Georgia’s medical marijuana program now provides low-THC cannabis oil to more than a thousand patients. In an interesting twist, enrollees in the program can have the oil, but they can’t cultivate, import or purchase it.

Besides being a state representative, Peake has a home business that he states is run according to Biblical principles and donates to Christian charities – this is the practice that led him into the world of cannabis.
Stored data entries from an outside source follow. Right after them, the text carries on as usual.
lemma exists_relation_supported_on_full_rank_deletions:
  fixes f :: "'i \<Rightarrow> 'a vec"
  assumes S: "finite S" "card S = r + 1" "f ` S \<subseteq> carrier_vec n"
    and rank_S: "span_rank (f ` S) \<le> r"
  shows "\<exists>c. (\<forall>j<n. (\<Sum>k\<in>S. c k * f k $ j) = 0)
           \<and> (\<forall>k\<in>S. c k \<noteq> 0 \<longleftrightarrow> span_rank (f ` (S - {k})) = r)"
proof (cases "\<exists>k0\<in>S. span_rank (f ` (S - {k0})) = r")
  case False
  then show ?thesis
    by (intro exI[of _ "\<lambda>_. 0"]) auto
next
  case True
  then obtain k0 where k0: "k0 \<in> S" and rank_U: "span_rank (f ` (S - {k0})) = r"
    by blast
  define U where "U = S - {k0}"
  have U: "finite U" "card U = r" "f ` U \<subseteq> carrier_vec n" and fk0: "f k0 \<in> carrier_vec n"
    using S k0 unfolding U_def by auto
  have inj: "inj_on f U" and indpt: "lin_indpt (f ` U)"
    using indexed_lin_indpt_if_span_rank_eq_card[OF U(1,3)] rank_U U(2) unfolding U_def by auto
  have card_fU: "card (f ` U) = r"
    using card_image[OF inj] U(2) by simp
  have "insert (f k0) (f ` U) = f ` S"
    using k0 unfolding U_def by auto
  then have "f k0 \<in> span (f ` U)"
    using in_span_if_span_rank_insert_le[OF _ U(3) fk0 indpt] U(1) rank_S card_fU by simp
  then obtain a where a: "f k0 = lincomb a (f ` U)"
    using finite_span[OF finite_imageI[OF U(1)] U(3)] by blast
  \<comment> \<open>the relation \<open>f k0 - lincomb a (f ` U) = 0\<close>, written with coefficients indexed by \<open>S\<close>\<close>
  define c where "c k = (if k = k0 then - 1 else a (f k))" for k
  have "(\<Sum>k\<in>S. c k * f k $ j) = 0" if j: "j < n" for j
  proof -
    have "(\<Sum>k\<in>S. c k * f k $ j) = - f k0 $ j + (\<Sum>k\<in>U. a (f k) * f k $ j)"
      unfolding sum.remove[OF S(1) k0] U_def c_def by (auto intro: sum.cong)
    also have "(\<Sum>k\<in>U. a (f k) * f k $ j) = f k0 $ j"
      unfolding a lincomb_index[OF j U(3)] sum.reindex[OF inj] by simp
    finally show ?thesis
      by simp
  qed
  moreover have "c k \<noteq> 0 \<longleftrightarrow> span_rank (f ` (S - {k})) = r" if k: "k \<in> S" for k
  proof (cases "k = k0")
    case True
    then show ?thesis
      using rank_U unfolding c_def by simp
  next
    case False
    then have kU: "k \<in> U"
      using k unfolding U_def by simp
    have "insert (f k) (f ` (U - {k})) = f ` U" "insert (f k0) (f ` (U - {k})) = f ` (S - {k})"
      using kU k0 unfolding U_def by auto
    moreover have "f k \<notin> f ` (U - {k})"
      using inj kU by (auto simp: inj_on_def)
    ultimately have "span_rank (f ` (S - {k})) = r \<longleftrightarrow> a (f k) \<noteq> 0"
      using span_rank_replace_eq_card_iff[of "f ` (U - {k})" "f k" "f k0" a] U(1,3) indpt a card_fU
      by simp
    then show ?thesis
      using False unfolding c_def by simp
  qed
  ultimately show ?thesis
    by blast
qed

end

lemma bit_sum_eq_0_iff_even_card:
  fixes g :: "'i \<Rightarrow> bit"
  assumes "finite T"
  shows "sum g T = 0 \<longleftrightarrow> even (card {k\<in>T. g k \<noteq> 0})"
proof -
  have "sum g T = (\<Sum>k\<in>T. of_bool (g k \<noteq> 0))"
    by (rule sum.cong) simp_all
  also have "\<dots> = of_nat (card {k\<in>T. g k \<noteq> 0})"
    using assms by (simp add: Int_def)
  finally show ?thesis
    by (metis bit_2_eq_0 dvd_0_left_iff even_of_nat)
qed
lemma is_norm_nonneg:
  assumes "is_norm nrm"
  shows "nrm x \<ge> 0"
proof -
  have "nrm (- x) = nrm x"
    using assms unfolding is_norm_def by (metis abs_minus_cancel abs_one mult_1 scaleR_minus1_left)
  moreover have "nrm (x + - x) \<le> nrm x + nrm (- x)" "nrm 0 = 0"
    using assms unfolding is_norm_def by blast+
  ultimately show ?thesis by simp
qed

lemma dxi_nonneg: "is_norm nrm \<Longrightarrow> \<gamma> \<ge> 0 \<Longrightarrow> dxi nrm \<gamma> a b \<ge> 0"
  by (simp add: dxi_def is_norm_nonneg)

lemma dxi_self: "is_norm nrm \<Longrightarrow> dxi nrm \<gamma> a a = 0"
  by (simp add: dxi_def is_norm_def)

lemma dxi_triangle:
  assumes "is_norm nrm" "\<gamma> \<ge> 0"
  shows "dxi nrm \<gamma> a c \<le> dxi nrm \<gamma> a b + dxi nrm \<gamma> b c"
proof -
  have "nrm (fst a - fst c) \<le> nrm (fst a - fst b) + nrm (fst b - fst c)"
    using assms(1) unfolding is_norm_def by (metis diff_add_cancel add_diff_eq)
  moreover have "\<gamma> / 2 * \<bar>snd a - snd c\<bar> \<le> \<gamma> / 2 * \<bar>snd a - snd b\<bar> + \<gamma> / 2 * \<bar>snd b - snd c\<bar>"
    using assms(2) by (simp flip: distrib_left add: mult_left_mono)
  ultimately show ?thesis by (simp add: dxi_def)
qed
He had started out by helping families with the costs of moving to Colorado for the legal access to treatments they couldn’t get in Georgia.

Now that the laws are a bit different, and those who need it can legally possess it, Peake has made it his goal to make certain they can actually get their hands on it.

This is where he’s putting himself in the position of being extremely careful about how he actually receives, and distributes, the cannabis oil. Once a month, a cardboard box from Colorado appears at his office – inside are the derivatives of marijuana that he’ll distribute to the seriously ill. In 2009, President Obama instructed the Department of Justice not to prosecute people for possessing or distributing medical marijuana, but transporting it across state lines is still a felony. This is why Peake depends on the mysterious box that appears in his office, “Quite frankly, I don’t know how the product gets here,” he says.

However, each time one of the boxes arrives, he makes a significant donation to a foundation in Colorado that supports research of medical cannabis. Making a direct payment would be illegal, but his donations tally up to about $100,000 a year, which means he’s been able to supply the oil to hundreds of patients across Georgia.

“I’ll never recover that money,” he said, adding that it doesn’t matter: the satisfaction of helping people makes it all worthwhile.